On Thu, 9 Jun 2016, Jan Hubicka wrote:

> > On Thu, 9 Jun 2016, Jan Hubicka wrote:
> > 
> > > Hi,
> > > after we read the profile, we know expected number of iterations.
> > 
> > We know the average ;)  It may make sense to add some histogram
> > value profiling for niter now that we should easily able to do so.
> 
> I always interpreted the estimated number of iterations to be the same as
> expected number of iterations and to be same as average.  So it seems to be
> sane to feed the info from profile.
> 
> I am thinking to add the histograms, yes.  It is midly anoying to do so 
> becuase
> one needs to intrstrument all exit edges out of loop. I guess we don't care
> much if histogram will get lost on abnormals.

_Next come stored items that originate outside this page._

lemma poly_rhs_poly:
  "poly rhs_poly t = det (mat (length xs) (length xs) (\<lambda>(a,i).
     (xs ! a - t) * (xs ! a) ^ i - \<mu> * Eplus e ys (xs ! a) * (xs ! a - t + e) * (xs ! a - e) ^ i))"
  unfolding rhs_poly_def poly_det by (rule arg_cong[where f = det]) (auto simp: algebra_simps)

lemma degree_rhs_poly: "degree rhs_poly \<le> length xs"
proof -
  have "degree rhs_poly \<le> 1 * length xs"
    unfolding rhs_poly_def by (rule degree_det_le) auto
  then show ?thesis by simp
qed

lemma coeff_rhs_poly:
  "coeff rhs_poly (length xs) = (-1) ^ length xs * Adet (-e) xs (\<lambda>x. \<mu> * Eplus e ys x)"
proof -
  let ?m = "length xs"
  have "coeff rhs_poly ?m = det (map_mat (\<lambda>p. coeff p 1) (mat ?m ?m (\<lambda>(a,i).
     [:xs ! a * (xs ! a) ^ i - \<mu> * Eplus e ys (xs ! a) * (xs ! a + e) * (xs ! a - e) ^ i,
       \<mu> * Eplus e ys (xs ! a) * (xs ! a - e) ^ i - (xs ! a) ^ i:])))"
    unfolding rhs_poly_def by (rule coeff_det_degree_le_1) auto
  also have "map_mat (\<lambda>p. coeff p 1) (mat ?m ?m (\<lambda>(a,i).
     [:xs ! a * (xs ! a) ^ i - \<mu> * Eplus e ys (xs ! a) * (xs ! a + e) * (xs ! a - e) ^ i,
       \<mu> * Eplus e ys (xs ! a) * (xs ! a - e) ^ i - (xs ! a) ^ i:]))
    = (-1) \<cdot>\<^sub>m mat ?m ?m (\<lambda>(a,i). (xs ! a) ^ i - \<mu> * Eplus e ys (xs ! a) * (xs ! a + -e) ^ i)"
    by auto
  finally show ?thesis by (simp add: Adet_def)
qed

lemma poly_rhs_poly_not_node:
  assumes "t \<notin> set xs"
  shows "poly rhs_poly t = (\<Prod>x\<leftarrow>xs. x - t) * Adet (-e) xs (\<lambda>x. \<mu> * Eplus e (ys @ [t]) x)"
proof -
  let ?m = "length xs"
  have "(x - t) * x ^ i - \<mu> * Eplus e ys x * (x - t + e) * (x - e) ^ i
      = (x - t) * (x ^ i - \<mu> * Eplus e (ys @ [t]) x * (x + - e) ^ i)" if "x \<in> set xs" for x i
  proof -
    have "x - t \<noteq> 0" using that assms by auto
    then show ?thesis by (simp add: Eplus_snoc field_simps)
  qed
  then have "mat ?m ?m (\<lambda>(a,i). (xs ! a - t) * (xs ! a) ^ i - \<mu> * Eplus e ys (xs ! a) * (xs ! a - t + e) * (xs ! a - e) ^ i)
      = mat ?m ?m (\<lambda>(a,i). (xs ! a - t) * ((xs ! a) ^ i - \<mu> * Eplus e (ys @ [t]) (xs ! a) * (xs ! a + - e) ^ i))"
    by auto
  then show ?thesis
    unfolding poly_rhs_poly Adet_def by (simp add: det_mat_scale_rows prod_list_map_conv_nth)
qed

lemma poly_rhs_poly_at_node:
  assumes x: "x \<in> set xs" and dist: "distinct xs"
  shows "poly rhs_poly x / Vand xs = - \<mu> * e * Eplus e ys x * (\<Prod>x'\<leftarrow>remove1 x xs. x' - x + e)
           * Aplus (-e) (remove1 x xs) (\<lambda>x. \<mu> * Eplus e ys x)"
proof -
  define r where "r = remove1 x xs"
  let ?k = "length r"
  let ?F = "\<lambda>x' i. (x' - x) * x' ^ i - \<mu> * Eplus e ys x' * (x' - x + e) * (x' - e) ^ i"
  let ?\<phi> = "\<lambda>i. \<mu> * Eplus e ys (r ! i) * (r ! i - x + e) / (r ! i - x)"
  let ?\<psi> = "\<lambda>i. \<mu> * Eplus e ys (r ! i)"
  let ?c = "\<lambda>i. if i < ?k then r ! i - x else - \<mu> * e * Eplus e ys x"
  have mset: "mset (r @ [x]) = mset xs" unfolding r_def using x by simp
  then have len: "length xs = Suc ?k" by (metis length_append_singleton size_mset)
  have x_r: "x \<notin> set r" unfolding r_def using dist by auto
  have r_x: "r ! i \<noteq> x" if "i < ?k" for i using x_r that by auto
  have "poly rhs_poly x / Vand xs = det (mat (Suc ?k) (Suc ?k) (\<lambda>(a,i). ?F ((r @ [x]) ! a) i)) / Vand (r @ [x])"
    using det_div_Vand_permute[OF mset, of ?F] unfolding poly_rhs_poly by (simp add: len)
  also have "mat (Suc ?k) (Suc ?k) (\<lambda>(a,i). ?F ((r @ [x]) ! a) i)
      = mat (Suc ?k) (Suc ?k) (\<lambda>(a,i). ?c a * (if a < ?k then (r ! a) ^ i - ?\<phi> a * (r ! a - e) ^ i else (x - e) ^ i))"
    by (auto simp: nth_append r_x field_simps)
  also have "det \<dots> = (\<Prod>i<?k. r ! i - x) * (- \<mu> * e * Eplus e ys x)
      * ((-1) ^ ?k * (\<Prod>i<?k. r ! i - (x - e)) * Adet (-e) r (\<lambda>x. \<mu> * Eplus e ys x))"
  proof -
    have "det (mat (Suc ?k) (Suc ?k) (\<lambda>(i,j). if i < ?k then (r ! i) ^ j - ?\<phi> i * (r ! i - e) ^ j else (x - e) ^ j))
        = (-1) ^ ?k * (\<Prod>i<?k. r ! i - (x - e)) * det (mat ?k ?k (\<lambda>(i,j). (r ! i) ^ j - ?\<psi> i * (r ! i - e) ^ j))"
      by (rule det_power_row_elim) (simp add: r_x)
    then show ?thesis by (simp add: det_mat_scale_rows Adet_def)
  qed
  also have "Vand (r @ [x]) = Vand r * (\<Prod>i<?k. x - r ! i)"
    by (simp add: Vand_snoc prod_list_map_conv_nth)
  also have "(\<Prod>i<?k. r ! i - x) = (-1) ^ ?k * (\<Prod>i<?k. x - r ! i)"
    using prod_diff_swap[of "(!) r" "\<lambda>_. x" "{..<?k}"] by simp
  finally have "poly rhs_poly x / Vand xs = - \<mu> * e * Eplus e ys x * (\<Prod>i<?k. r ! i - x + e)
      * ((\<Prod>i<?k. x - r ! i) / (\<Prod>i<?k. x - r ! i)) * (Adet (-e) r (\<lambda>x. \<mu> * Eplus e ys x) / Vand r)"
    by (simp add: field_simps)
  moreover have "(\<Prod>i<?k. x - r ! i) \<noteq> 0" using r_x by (auto dest: sym)
  ultimately show ?thesis
    by (simp add: r_def[symmetric] Aplus_conv_Adet prod_list_map_conv_nth)
qed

Can't we just instrument the loop header (and thus get "averages" for all
exits)?

> One option I am thinking about is to introduce counter that will take two
> parameters A,B.  It will record linear histogram for values in range 0...A and
> logarithmic histogram for values greater than A capping by 2^B (so we don't
> need 64 counters for every loop).  I think we are not really that interested 
> in
> precise histograms for loops that iterate more than, say, 2^10 times. We only
> need to know that it loops a lot.  We however care about low iteration counts
> to make good decision for peeling.  This is still 26 counters per loop that is
> quite a lot.  

I think what we are interested in is "clusters" of niters.  So yes,
having a histogram for low values (can we use HIST_TYPE_POW2 here?)
makes sense.  Or simply sum all n <= 16 and all n > 16 values separately?
We seem to lack a histogram type where we can specify N differently-sized
bins.

> A lot cheaper alternative may be to simply measure loop peeling limit by 
> having counter that counts how often loop exits in first 
> PARAM_MAX_PEEL_TIMES iterations and second counter that measure what is 
> the maximal number of iterations in this case (we really want likely 
> maximal number of iterations but that seems harder to get). This will 
> determine peeling limit which we can then store into loop structure.

Sure.

In my original loop value-profiling work the most interesting (for
performance) case was value-profiling variable strides and then
versioning for stride == 1.  That triggered a lot with fortran
array descriptors though nowadays IPA-CP of aggregates plus LTO
might have solved this.

> Vectorizer/unroller/prefetcher and most of other classical loop opts 
> care about the average being large enough so the current expected value 
> seems to do the trick.

Yes, though knowing that a significant fraction of times the iteration
count is one would also be useful.

> This does not let you to update profile very precisely after peeling (and 
> also peeling
> done by vectorizer), but it needs only 2 counters per loop.
> 
> What other passes, beside peeling, would immediately benefit from a 
> historgram? I wonder if you can think of better scheme?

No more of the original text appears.